The release reaches well beyond the Pi. Kernel 6.18.35 lands on the generic x86-64 and aarch64 images, Hardkernel ODROID boards, and the Khadas VIM series, alongside a fix for ODROID-C2 USB hotplug. On the Raspberry Pi 4, new installations switch from the unmaintained legacy FKMS graphics driver to the modern KMS driver, which brings HDMI-CEC support; existing setups need a manual config.txt edit to make the change. NFS v4.1 and v4.2 are now enabled on all targets, usbip is built in everywhere, and the mix of legacy hassos and newer haos naming has been harmonized to haos across systemd units and helper binaries, which may affect host-side scripts that reference the old names.
Flashing is noticeably quicker because disk images no longer overprovision the data partition, so the unused tail of the filesystem no longer has to be written to storage; the partition still auto-expands to fill the card on first boot.

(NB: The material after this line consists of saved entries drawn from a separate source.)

lemma fourier_laplace_ne_outside_strip:
  fixes D :: "(real^3) set" and xh y :: "real^3" and w :: "(real^3) \<times> real \<Rightarrow> complex"
  assumes w: "integrable lebesgue w" and w_supp: "\<And>p. w p \<noteq> 0 \<Longrightarrow> p \<in> D \<times> {tmin<..<tmax}"
    and D: "bounded D" and xh: "norm xh = 1" and \<eta>: "tmin < \<eta>" and \<epsilon>: "0 < \<epsilon>" and c: "0 < c"
    and y: "y \<notin> strip_K_eta D tmax \<eta> xh"
  shows "fourier_laplace lebesgue (plane_wave_phase xh) w \<noteq>
         fourier_laplace lebesgue (plane_wave_phase xh) (\<lambda>p. of_real (c * indicator (ball y \<epsilon> \<times> {tmin..\<eta>}) p))"
    (is "fourier_laplace _ ?s _ \<noteq> fourier_laplace _ _ ?w")
proof -
  define I where "I = Inf ((\<lambda>z. xh \<bullet> z) ` D)"
  define Sp where "Sp = Sup ((\<lambda>z. xh \<bullet> z) ` D)"
  let ?B = "ball y \<epsilon> \<times> {tmin..\<eta>}"
  define \<rho> where "\<rho> = min (\<eta> - tmin) (\<epsilon>/8)"
  have \<rho>: "0 < \<rho>" "\<rho> \<le> \<eta> - tmin" "\<rho> \<le> \<epsilon>/8" using \<eta> \<epsilon> by (auto simp: \<rho>_def min_def)
  have w_phase: "tmin - Sp < ?s p" "?s p < tmax - I" if "w p \<noteq> 0" for p
    unfolding I_def Sp_def using plane_wave_phase_on_cylinder[OF D w_supp[OF that]] by auto
  have B_meas: "?B \<in> sets lebesgue" "emeasure lebesgue ?B < \<infinity>"
    using ball_Times_Icc_lmeasurable by (auto simp: fmeasurable_def)
  have B_phase: "\<bar>?s p\<bar> \<le> \<bar>tmin\<bar> + \<bar>\<eta>\<bar> + \<bar>xh \<bullet> y\<bar> + \<epsilon>" if "p \<in> ?B" for p
    using that unit_inner_near_shift(2)[OF xh, of "fst p" y 0 \<epsilon>]
    by (auto simp: plane_wave_phase_def dist_commute mem_Times_iff)
  \<comment> \<open>In each case, shifting the ball by \<open>\<epsilon>/2\<close> away from \<open>D\<close> along \<open>xh\<close> and taking a
    short time window at the matching end of \<open>[tmin, \<eta>]\<close> yields the separating box.\<close>
  consider (below) "xh \<bullet> y \<le> I - tmax + \<eta>" | (above) "Sp \<le> xh \<bullet> y"
    using y by (auto simp: strip_K_eta_def I_def Sp_def)
  then show ?thesis
  proof cases
    case below
    let ?U = "ball (y + (-\<epsilon>/2) *\<^sub>R xh) (\<epsilon>/4) \<times> {\<eta>-\<rho><..<\<eta>}"
    show ?thesis
    proof (rule fourier_laplace_ne_if_support_beyond[OF w _ _ B_meas B_phase])
      show "?s p \<le> tmax - I" if "w p \<noteq> 0" for p
        using w_phase[OF that] by simp
      show "open ?U" "(y + (-\<epsilon>/2) *\<^sub>R xh, \<eta> - \<rho>/2) \<in> ?U"
        using \<rho> \<epsilon> by (auto simp: open_Times)
      show "?U \<subseteq> ?B"
        by (rule shifted_box_subset_ball_Times[OF xh]) (use \<rho> \<epsilon> in auto)
      show "tmax - I + \<epsilon>/8 \<le> ?s p" if "p \<in> ?U" for p
        using plane_wave_phase_on_shifted_box[OF xh that] below \<rho> by auto
    qed (use \<epsilon> c in auto)
  next
    case above
    let ?U = "ball (y + (\<epsilon>/2) *\<^sub>R xh) (\<epsilon>/4) \<times> {tmin<..<tmin+\<rho>}"
    have "fourier_laplace lebesgue (\<lambda>p. - ?s p) w \<noteq> fourier_laplace lebesgue (\<lambda>p. - ?s p) ?w"
    proof (rule fourier_laplace_ne_if_support_beyond[OF w _ _ B_meas])
      show "- ?s p \<le> Sp - tmin" if "w p \<noteq> 0" for p
        using w_phase[OF that] by simp
      show "\<bar>- ?s p\<bar> \<le> \<bar>tmin\<bar> + \<bar>\<eta>\<bar> + \<bar>xh \<bullet> y\<bar> + \<epsilon>" if "p \<in> ?B" for p
        using B_phase[OF that] by simp
      show "open ?U" "(y + (\<epsilon>/2) *\<^sub>R xh, tmin + \<rho>/2) \<in> ?U"
        using \<rho> \<epsilon> by (auto simp: open_Times)
      show "?U \<subseteq> ?B"
        by (rule shifted_box_subset_ball_Times[OF xh]) (use \<rho> \<epsilon> in auto)
      show "Sp - tmin + \<epsilon>/8 \<le> - ?s p" if "p \<in> ?U" for p
        using plane_wave_phase_on_shifted_box[OF xh that] above \<rho> by auto
    qed (use \<epsilon> c in auto)
    then show ?thesis
      by (auto simp: fourier_laplace_uminus)
  qed
qed

lemma not_in_range_L_outside_strip:
  fixes D :: "(real^3) set" and xh y :: "real^3"
  assumes D: "open D" "bounded D" and xh: "norm xh = 1" and \<eta>: "tmin < \<eta>" and K: "0 < K"
    and \<epsilon>: "0 < \<epsilon>" and y: "y \<notin> strip_K_eta D tmax \<eta> xh"
  shows "\<not> in_range_L D tmin tmax K xh (phi_test tmin xh y \<eta> \<epsilon>)"
proof
  assume "in_range_L D tmin tmax K xh (phi_test tmin xh y \<eta> \<epsilon>)"
  then obtain u where u: "L2_on (D \<times> {tmin<..<tmax}) u"
    and ae: "AE \<tau> in lebesgue. \<tau> \<in> {0..K} \<longrightarrow> phi_test tmin xh y \<eta> \<epsilon> \<tau> = L_op D tmin tmax xh u \<tau>"
    unfolding in_range_L_def by blast
  define A where "A = D \<times> {tmin<..<tmax}"
  define w where "w p = indicator A p *\<^sub>R u p" for p
  define c where "c = 1 / ((\<eta> - tmin) * measure lebesgue (ball y \<epsilon>))"
  define B where "B = ball y \<epsilon> \<times> {tmin..\<eta>}"
  have A: "bounded A" "A \<in> lmeasurable"
    using D by (auto simp: A_def bounded_Times open_Times intro!: lmeasurable_open)
  have w: "integrable lebesgue w"
    unfolding w_def using L2_on_imp_integrable u A(2) by (simp add: A_def)
  have w_supp: "w p \<noteq> 0 \<Longrightarrow> p \<in> A" for p
    by (auto simp: w_def indicator_def split: if_splits)
  have "0 < measure lebesgue (ball y \<epsilon>)"
    using emeasure_lebesgue_open_pos[of "ball y \<epsilon>" y] \<epsilon> lmeasurable_ball[of y \<epsilon>]
    by (simp add: measure_def enn2real_positive_iff fmeasurable_def)
  then have c: "0 < c" using \<eta> by (simp add: c_def)
  have "fourier_laplace lebesgue (plane_wave_phase xh) w =
        fourier_laplace lebesgue (plane_wave_phase xh) (\<lambda>p. of_real (c * indicator B p))"
  proof (rule entire_eq_if_AE_eq_on_interval[OF _ _ K])
    show "fourier_laplace lebesgue (plane_wave_phase xh) w holomorphic_on UNIV"
      by (rule holomorphic_fourier_laplace_plane_wave[OF w w_supp A(1)])
    have "integrable lebesgue (\<lambda>p. of_real (c * indicator B p) :: complex)"
      using ball_Times_Icc_lmeasurable[of y \<epsilon> tmin \<eta>]
      by (intro integrable_of_real integrable_mult_right integrable_real_indicator)
        (auto simp: B_def fmeasurable_def)
    then show "fourier_laplace lebesgue (plane_wave_phase xh) (\<lambda>p. of_real (c * indicator B p)) holomorphic_on UNIV"
      by (rule holomorphic_fourier_laplace_plane_wave[where A = B])
        (auto simp: B_def bounded_Times indicator_def split: if_splits)
    show "AE \<tau> in lebesgue. \<tau> \<in> {0..K} \<longrightarrow> fourier_laplace lebesgue (plane_wave_phase xh) w (of_real \<tau>)
        = fourier_laplace lebesgue (plane_wave_phase xh) (\<lambda>p. of_real (c * indicator B p)) (of_real \<tau>)"
      using ae unfolding L_op_eq_fourier_laplace phi_test_eq_fourier_laplace w_def[abs_def] A_def B_def c_def
      by eventually_elim metis
  qed
  then show False
    using fourier_laplace_ne_outside_strip[OF w w_supp[unfolded A_def] D(2) xh \<eta> \<epsilon> c y]
    by (simp add: B_def)
qed

lemma strip_K_hyperplane_meets_domain:
  fixes D :: "(real^3) set"
  assumes D: "connected D" "bounded D" "D \<noteq> {}" and y: "y \<in> strip_K D xh"
  obtains z where "z \<in> D" "xh \<bullet> z = xh \<bullet> y"
proof -
  let ?img = "(\<lambda>z. xh \<bullet> z) ` D"
  have bdd: "bounded ?img"
    using D(2) by (intro bounded_linear_image bounded_linear_inner_right)
  have "is_interval ?img"
    unfolding is_interval_connected_1 by (intro connected_continuous_image continuous_intros D(1))
  moreover obtain a where "a \<in> ?img" "a < xh \<bullet> y"
    using y D(3) bdd by (auto simp: strip_K_def cInf_less_iff bounded_imp_bdd_below)
  moreover obtain b where "b \<in> ?img" "xh \<bullet> y < b"
    using y D(3) bdd by (auto simp: strip_K_def less_cSup_iff bounded_imp_bdd_above)
  ultimately have "xh \<bullet> y \<in> ?img"
    by (meson less_imp_le mem_is_interval_1_I)
  then show ?thesis using that by auto
qed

Virtual machine images in the OVA and aarch64 formats now ship pre-sized to 32 GB. The default swap file, previously fixed at 33 percent of RAM, is now clamped between 1 and 4 GB, growing slightly on systems with 2 GB or less and capping at 4 GB above 12 GB of RAM. Home Assistant OS is free and open source; with 18.0 currently held back from the stable channel, Raspberry Pi 5 users in particular should update their bootloader firmware before pulling the OS image.